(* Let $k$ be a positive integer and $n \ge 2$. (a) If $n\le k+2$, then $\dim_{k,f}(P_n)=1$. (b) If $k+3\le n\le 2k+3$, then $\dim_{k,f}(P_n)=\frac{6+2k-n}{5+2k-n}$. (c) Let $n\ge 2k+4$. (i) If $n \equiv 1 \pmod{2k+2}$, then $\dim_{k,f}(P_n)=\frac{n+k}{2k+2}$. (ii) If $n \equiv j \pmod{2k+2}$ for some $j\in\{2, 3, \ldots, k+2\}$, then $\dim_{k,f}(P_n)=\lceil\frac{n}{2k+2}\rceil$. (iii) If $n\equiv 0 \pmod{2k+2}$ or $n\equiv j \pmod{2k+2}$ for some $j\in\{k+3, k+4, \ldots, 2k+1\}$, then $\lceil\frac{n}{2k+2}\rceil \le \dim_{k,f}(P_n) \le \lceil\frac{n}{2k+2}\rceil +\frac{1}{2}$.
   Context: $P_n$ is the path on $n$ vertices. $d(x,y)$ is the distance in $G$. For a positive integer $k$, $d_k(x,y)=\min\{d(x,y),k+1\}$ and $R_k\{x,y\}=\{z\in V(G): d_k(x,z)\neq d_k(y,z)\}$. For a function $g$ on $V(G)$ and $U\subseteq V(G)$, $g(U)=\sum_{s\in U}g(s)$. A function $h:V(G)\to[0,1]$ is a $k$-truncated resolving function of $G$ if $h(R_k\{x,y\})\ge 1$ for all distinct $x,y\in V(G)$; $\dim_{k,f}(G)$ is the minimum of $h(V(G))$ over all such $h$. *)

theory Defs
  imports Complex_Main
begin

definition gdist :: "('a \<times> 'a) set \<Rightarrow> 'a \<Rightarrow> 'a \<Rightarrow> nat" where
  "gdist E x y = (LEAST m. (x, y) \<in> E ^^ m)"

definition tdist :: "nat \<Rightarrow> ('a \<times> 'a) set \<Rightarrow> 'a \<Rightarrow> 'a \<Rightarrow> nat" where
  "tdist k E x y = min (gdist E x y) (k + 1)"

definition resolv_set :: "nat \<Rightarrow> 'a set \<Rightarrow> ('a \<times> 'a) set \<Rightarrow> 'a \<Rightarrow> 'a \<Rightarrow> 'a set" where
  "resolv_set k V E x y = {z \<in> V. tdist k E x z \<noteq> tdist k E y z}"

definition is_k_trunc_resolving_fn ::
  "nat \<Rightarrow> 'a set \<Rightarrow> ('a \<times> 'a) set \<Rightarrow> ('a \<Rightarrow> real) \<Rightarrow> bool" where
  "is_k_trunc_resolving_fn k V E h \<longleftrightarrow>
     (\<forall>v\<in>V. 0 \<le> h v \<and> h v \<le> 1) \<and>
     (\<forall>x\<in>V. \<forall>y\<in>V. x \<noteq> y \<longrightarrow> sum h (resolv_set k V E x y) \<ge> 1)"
◆ ◆ ◆ ◆ ◆
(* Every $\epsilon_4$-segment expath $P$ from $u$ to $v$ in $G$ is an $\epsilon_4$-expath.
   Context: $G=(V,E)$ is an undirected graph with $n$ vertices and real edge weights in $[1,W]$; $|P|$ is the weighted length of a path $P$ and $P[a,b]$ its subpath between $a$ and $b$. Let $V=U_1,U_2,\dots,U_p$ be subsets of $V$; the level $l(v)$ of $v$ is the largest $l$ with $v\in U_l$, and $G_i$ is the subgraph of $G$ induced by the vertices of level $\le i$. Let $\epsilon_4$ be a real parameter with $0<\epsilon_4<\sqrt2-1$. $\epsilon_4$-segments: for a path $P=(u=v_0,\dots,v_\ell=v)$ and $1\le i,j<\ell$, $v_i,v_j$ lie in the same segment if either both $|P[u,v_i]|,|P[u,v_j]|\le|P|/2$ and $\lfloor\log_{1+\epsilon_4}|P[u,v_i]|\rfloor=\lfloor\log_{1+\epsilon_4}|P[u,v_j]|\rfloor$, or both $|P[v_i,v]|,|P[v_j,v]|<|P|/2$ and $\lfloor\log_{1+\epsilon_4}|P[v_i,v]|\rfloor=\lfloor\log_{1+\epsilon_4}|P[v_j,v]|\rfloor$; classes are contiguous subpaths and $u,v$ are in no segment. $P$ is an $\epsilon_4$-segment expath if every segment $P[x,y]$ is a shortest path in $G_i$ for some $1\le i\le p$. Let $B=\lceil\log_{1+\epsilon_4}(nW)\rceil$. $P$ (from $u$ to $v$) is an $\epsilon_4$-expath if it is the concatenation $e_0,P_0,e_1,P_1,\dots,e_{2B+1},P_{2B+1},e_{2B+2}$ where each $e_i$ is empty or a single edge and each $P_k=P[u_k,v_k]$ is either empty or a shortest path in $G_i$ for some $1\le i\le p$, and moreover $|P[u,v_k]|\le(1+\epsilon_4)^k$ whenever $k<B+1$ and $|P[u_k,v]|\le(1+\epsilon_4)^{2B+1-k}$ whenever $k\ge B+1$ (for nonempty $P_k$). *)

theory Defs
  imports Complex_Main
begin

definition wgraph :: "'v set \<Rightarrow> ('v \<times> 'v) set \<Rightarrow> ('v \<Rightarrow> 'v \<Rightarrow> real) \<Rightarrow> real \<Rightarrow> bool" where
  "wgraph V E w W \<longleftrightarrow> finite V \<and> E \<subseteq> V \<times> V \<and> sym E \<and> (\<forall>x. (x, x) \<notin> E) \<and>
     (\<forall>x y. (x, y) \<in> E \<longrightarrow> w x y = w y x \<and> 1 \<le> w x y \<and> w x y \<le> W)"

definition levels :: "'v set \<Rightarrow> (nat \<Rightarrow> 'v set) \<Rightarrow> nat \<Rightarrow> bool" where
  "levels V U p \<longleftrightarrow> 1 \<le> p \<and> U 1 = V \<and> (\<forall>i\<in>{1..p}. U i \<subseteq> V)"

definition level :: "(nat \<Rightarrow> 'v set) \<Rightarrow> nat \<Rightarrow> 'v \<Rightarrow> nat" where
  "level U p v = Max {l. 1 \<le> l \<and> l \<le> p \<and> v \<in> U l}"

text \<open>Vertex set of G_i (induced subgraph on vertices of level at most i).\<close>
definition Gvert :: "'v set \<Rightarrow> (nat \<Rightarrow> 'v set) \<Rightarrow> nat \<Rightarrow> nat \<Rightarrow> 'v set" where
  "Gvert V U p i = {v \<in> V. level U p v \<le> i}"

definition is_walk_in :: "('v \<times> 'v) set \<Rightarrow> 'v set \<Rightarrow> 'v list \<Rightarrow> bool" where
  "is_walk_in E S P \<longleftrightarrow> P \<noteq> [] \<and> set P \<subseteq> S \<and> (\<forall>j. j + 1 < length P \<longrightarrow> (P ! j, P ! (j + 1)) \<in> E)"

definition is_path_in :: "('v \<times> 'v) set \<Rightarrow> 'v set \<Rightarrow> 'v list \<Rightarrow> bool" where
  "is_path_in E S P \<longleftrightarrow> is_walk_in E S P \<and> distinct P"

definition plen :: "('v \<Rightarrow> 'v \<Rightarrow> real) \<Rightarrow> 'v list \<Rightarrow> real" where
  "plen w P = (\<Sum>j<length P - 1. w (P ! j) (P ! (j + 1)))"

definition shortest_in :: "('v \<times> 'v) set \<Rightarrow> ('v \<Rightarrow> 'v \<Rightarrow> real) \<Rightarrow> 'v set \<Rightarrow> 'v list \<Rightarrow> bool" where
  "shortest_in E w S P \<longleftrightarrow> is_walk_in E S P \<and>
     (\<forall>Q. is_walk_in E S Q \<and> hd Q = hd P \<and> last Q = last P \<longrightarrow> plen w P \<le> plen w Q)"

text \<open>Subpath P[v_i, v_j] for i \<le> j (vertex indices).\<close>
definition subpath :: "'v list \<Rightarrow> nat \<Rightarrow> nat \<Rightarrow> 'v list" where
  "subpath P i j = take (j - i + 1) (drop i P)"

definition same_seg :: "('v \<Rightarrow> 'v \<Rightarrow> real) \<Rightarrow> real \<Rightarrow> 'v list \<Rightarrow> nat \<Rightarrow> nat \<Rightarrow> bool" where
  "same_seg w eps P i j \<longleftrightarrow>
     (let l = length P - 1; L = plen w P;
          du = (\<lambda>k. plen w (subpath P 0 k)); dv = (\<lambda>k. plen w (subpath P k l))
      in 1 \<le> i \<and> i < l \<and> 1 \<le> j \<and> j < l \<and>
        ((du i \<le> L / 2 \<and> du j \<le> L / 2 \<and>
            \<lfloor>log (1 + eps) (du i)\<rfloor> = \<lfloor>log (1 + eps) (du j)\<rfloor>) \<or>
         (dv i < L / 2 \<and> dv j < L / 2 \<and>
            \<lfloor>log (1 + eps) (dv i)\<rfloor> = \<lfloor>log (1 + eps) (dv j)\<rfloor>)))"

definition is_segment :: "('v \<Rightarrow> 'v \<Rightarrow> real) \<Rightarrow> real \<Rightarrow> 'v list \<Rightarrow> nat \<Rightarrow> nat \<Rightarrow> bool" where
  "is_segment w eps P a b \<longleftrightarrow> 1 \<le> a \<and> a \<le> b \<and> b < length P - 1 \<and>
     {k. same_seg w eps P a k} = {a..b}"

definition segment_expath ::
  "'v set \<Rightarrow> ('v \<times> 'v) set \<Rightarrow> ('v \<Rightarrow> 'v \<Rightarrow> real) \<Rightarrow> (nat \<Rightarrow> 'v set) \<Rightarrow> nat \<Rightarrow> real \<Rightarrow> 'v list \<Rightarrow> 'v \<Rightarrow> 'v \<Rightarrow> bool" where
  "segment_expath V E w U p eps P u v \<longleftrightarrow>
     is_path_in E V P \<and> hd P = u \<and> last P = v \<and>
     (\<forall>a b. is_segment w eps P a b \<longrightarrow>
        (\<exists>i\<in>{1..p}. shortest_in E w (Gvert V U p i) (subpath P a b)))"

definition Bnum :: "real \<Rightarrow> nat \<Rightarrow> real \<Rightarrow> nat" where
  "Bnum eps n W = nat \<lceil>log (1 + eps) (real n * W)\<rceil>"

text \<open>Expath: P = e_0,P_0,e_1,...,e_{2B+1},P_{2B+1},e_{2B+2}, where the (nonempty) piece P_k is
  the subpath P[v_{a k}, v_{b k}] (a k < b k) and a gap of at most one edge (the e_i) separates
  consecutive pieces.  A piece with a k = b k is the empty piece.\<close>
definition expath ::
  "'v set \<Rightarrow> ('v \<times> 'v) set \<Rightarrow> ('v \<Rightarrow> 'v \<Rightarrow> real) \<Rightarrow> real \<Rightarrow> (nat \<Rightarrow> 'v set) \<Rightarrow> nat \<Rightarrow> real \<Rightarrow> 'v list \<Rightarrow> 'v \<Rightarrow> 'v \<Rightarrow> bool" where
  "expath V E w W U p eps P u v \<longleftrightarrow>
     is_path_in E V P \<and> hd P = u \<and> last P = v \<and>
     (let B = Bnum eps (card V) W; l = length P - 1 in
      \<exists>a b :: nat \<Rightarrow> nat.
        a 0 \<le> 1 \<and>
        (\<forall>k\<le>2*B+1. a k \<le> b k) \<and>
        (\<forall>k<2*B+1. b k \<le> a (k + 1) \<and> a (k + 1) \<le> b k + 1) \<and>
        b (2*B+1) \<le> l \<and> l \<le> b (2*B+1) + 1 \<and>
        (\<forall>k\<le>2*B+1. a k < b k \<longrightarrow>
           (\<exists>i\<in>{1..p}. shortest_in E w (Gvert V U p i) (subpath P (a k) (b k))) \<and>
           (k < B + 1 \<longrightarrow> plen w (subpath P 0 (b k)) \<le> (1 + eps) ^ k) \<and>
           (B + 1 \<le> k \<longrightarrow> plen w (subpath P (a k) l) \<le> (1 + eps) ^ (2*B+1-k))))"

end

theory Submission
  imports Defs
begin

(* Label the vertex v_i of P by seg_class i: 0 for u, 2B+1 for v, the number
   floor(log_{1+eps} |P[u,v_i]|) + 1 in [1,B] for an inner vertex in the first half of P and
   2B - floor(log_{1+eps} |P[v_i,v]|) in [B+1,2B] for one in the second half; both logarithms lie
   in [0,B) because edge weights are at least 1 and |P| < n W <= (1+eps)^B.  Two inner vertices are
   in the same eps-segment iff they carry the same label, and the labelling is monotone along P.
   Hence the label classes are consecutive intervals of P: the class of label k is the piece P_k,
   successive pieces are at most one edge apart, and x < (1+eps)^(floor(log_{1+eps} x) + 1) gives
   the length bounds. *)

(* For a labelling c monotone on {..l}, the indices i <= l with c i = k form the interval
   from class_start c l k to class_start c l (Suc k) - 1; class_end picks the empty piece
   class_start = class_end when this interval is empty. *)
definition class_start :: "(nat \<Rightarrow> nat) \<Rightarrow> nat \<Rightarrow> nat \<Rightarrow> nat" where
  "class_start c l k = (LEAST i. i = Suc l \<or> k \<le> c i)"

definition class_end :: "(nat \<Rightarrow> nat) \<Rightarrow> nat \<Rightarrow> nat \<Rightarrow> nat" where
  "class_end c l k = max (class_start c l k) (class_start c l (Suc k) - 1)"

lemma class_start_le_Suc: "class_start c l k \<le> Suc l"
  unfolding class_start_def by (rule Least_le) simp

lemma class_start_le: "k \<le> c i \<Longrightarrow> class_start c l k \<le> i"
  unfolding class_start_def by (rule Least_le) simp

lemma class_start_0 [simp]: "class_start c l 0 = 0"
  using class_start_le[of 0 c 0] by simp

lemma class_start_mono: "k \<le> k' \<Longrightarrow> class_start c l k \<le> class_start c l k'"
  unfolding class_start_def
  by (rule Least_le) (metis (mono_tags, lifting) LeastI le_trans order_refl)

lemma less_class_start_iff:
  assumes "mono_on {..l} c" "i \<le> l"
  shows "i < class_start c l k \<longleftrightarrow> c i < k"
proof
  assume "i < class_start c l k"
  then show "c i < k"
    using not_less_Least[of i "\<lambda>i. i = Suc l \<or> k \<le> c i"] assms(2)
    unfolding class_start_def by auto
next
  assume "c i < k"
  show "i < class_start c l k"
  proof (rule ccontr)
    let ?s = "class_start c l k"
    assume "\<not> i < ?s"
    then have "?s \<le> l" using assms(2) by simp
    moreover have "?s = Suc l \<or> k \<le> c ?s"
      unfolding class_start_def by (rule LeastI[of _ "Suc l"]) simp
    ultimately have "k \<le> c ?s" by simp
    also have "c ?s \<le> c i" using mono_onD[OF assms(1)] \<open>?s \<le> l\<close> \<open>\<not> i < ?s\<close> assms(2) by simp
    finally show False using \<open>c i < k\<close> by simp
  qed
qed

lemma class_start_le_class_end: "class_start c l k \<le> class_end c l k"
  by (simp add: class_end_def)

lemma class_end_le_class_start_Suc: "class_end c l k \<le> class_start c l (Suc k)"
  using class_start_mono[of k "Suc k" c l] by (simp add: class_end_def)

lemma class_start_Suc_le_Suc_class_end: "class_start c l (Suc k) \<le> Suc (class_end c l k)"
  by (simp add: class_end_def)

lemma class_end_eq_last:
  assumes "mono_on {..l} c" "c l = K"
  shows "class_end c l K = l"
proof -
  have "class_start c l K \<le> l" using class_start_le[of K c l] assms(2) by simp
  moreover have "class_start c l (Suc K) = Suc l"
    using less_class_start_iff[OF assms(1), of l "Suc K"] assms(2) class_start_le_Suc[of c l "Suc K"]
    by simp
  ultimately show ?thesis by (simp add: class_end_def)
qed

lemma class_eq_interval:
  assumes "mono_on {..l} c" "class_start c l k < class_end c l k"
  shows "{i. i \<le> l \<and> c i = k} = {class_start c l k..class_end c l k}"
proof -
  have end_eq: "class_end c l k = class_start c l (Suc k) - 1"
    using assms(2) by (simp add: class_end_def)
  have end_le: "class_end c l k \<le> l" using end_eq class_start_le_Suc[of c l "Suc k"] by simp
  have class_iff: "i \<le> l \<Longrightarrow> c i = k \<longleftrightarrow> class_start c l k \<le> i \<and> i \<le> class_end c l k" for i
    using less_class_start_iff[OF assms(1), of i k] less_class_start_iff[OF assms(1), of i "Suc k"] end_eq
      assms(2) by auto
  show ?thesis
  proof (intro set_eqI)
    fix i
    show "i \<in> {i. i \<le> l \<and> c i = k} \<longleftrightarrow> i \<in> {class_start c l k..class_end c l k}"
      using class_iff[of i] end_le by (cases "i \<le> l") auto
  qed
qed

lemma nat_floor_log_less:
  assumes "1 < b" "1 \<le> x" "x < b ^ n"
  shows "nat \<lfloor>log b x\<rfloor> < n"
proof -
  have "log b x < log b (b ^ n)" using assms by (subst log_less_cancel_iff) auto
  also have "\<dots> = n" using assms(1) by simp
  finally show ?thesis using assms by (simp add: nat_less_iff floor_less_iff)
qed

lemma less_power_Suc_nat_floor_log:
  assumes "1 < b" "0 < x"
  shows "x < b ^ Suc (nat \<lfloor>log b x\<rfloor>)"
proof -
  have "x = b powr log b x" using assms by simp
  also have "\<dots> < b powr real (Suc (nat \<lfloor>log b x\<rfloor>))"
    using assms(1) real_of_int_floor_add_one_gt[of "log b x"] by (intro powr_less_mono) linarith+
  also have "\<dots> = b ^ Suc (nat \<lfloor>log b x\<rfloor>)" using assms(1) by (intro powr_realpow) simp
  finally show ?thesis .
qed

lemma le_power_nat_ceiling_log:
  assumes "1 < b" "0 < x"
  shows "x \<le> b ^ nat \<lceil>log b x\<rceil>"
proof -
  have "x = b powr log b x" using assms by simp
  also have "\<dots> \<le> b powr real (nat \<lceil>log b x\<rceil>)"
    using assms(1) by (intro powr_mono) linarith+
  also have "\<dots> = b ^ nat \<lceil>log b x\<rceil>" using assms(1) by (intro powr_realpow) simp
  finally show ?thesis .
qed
◆ ◆ ◆ ◆ ◆
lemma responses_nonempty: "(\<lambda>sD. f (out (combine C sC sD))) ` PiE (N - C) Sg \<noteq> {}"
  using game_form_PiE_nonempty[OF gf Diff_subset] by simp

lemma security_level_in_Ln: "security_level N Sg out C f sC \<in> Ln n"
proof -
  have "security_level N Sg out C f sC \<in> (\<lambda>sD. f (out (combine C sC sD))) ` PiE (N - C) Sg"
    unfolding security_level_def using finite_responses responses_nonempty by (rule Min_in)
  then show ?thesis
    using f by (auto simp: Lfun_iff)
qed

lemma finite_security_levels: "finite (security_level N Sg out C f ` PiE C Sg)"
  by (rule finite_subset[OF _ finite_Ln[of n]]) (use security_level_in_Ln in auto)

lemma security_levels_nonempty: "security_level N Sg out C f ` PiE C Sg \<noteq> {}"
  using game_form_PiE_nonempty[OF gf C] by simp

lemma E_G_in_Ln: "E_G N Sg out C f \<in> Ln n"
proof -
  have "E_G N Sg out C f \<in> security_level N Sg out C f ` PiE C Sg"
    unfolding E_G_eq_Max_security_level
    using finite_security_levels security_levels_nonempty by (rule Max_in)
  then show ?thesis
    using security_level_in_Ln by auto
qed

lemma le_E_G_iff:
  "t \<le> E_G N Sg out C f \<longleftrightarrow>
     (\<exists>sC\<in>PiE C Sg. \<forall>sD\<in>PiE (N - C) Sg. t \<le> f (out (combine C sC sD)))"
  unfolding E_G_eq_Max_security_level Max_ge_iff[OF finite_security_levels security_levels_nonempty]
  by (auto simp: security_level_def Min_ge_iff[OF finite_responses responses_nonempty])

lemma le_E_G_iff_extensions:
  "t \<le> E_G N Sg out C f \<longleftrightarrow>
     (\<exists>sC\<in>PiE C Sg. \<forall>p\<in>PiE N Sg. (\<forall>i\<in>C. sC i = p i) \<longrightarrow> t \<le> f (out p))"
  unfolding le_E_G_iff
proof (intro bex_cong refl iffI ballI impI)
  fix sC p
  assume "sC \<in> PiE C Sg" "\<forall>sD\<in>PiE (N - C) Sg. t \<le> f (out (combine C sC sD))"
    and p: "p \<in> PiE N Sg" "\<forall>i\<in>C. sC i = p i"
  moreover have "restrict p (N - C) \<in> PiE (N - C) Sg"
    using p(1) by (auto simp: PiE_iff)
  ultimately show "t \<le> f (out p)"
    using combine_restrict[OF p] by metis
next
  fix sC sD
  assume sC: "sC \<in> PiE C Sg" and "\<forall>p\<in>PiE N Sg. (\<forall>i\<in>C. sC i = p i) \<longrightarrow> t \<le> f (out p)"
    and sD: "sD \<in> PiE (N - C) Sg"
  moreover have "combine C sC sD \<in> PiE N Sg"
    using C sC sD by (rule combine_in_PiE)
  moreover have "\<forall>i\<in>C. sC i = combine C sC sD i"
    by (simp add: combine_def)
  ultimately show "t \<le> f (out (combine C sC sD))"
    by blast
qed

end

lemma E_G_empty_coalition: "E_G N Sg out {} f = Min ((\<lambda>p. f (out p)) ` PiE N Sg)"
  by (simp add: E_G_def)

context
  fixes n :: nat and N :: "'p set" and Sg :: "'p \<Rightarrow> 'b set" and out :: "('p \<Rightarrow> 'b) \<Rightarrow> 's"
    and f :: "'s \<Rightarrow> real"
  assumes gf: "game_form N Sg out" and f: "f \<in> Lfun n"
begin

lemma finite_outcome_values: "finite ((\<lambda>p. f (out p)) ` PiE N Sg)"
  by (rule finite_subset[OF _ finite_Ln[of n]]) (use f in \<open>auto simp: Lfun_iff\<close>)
◆ ◆ ◆ ◆ ◆
### [Work item]
Note every line of the records that holds the word "most", and copy it.

### [Reply]
text \<open>Vertex set of G_i (induced subgraph on vertices of level at most i).\<close>
  the subpath P[v_{a k}, v_{b k}] (a k < b k) and a gap of at most one edge (the e_i) separates
   successive pieces are at most one edge apart, and x < (1+eps)^(floor(log_{1+eps} x) + 1) gives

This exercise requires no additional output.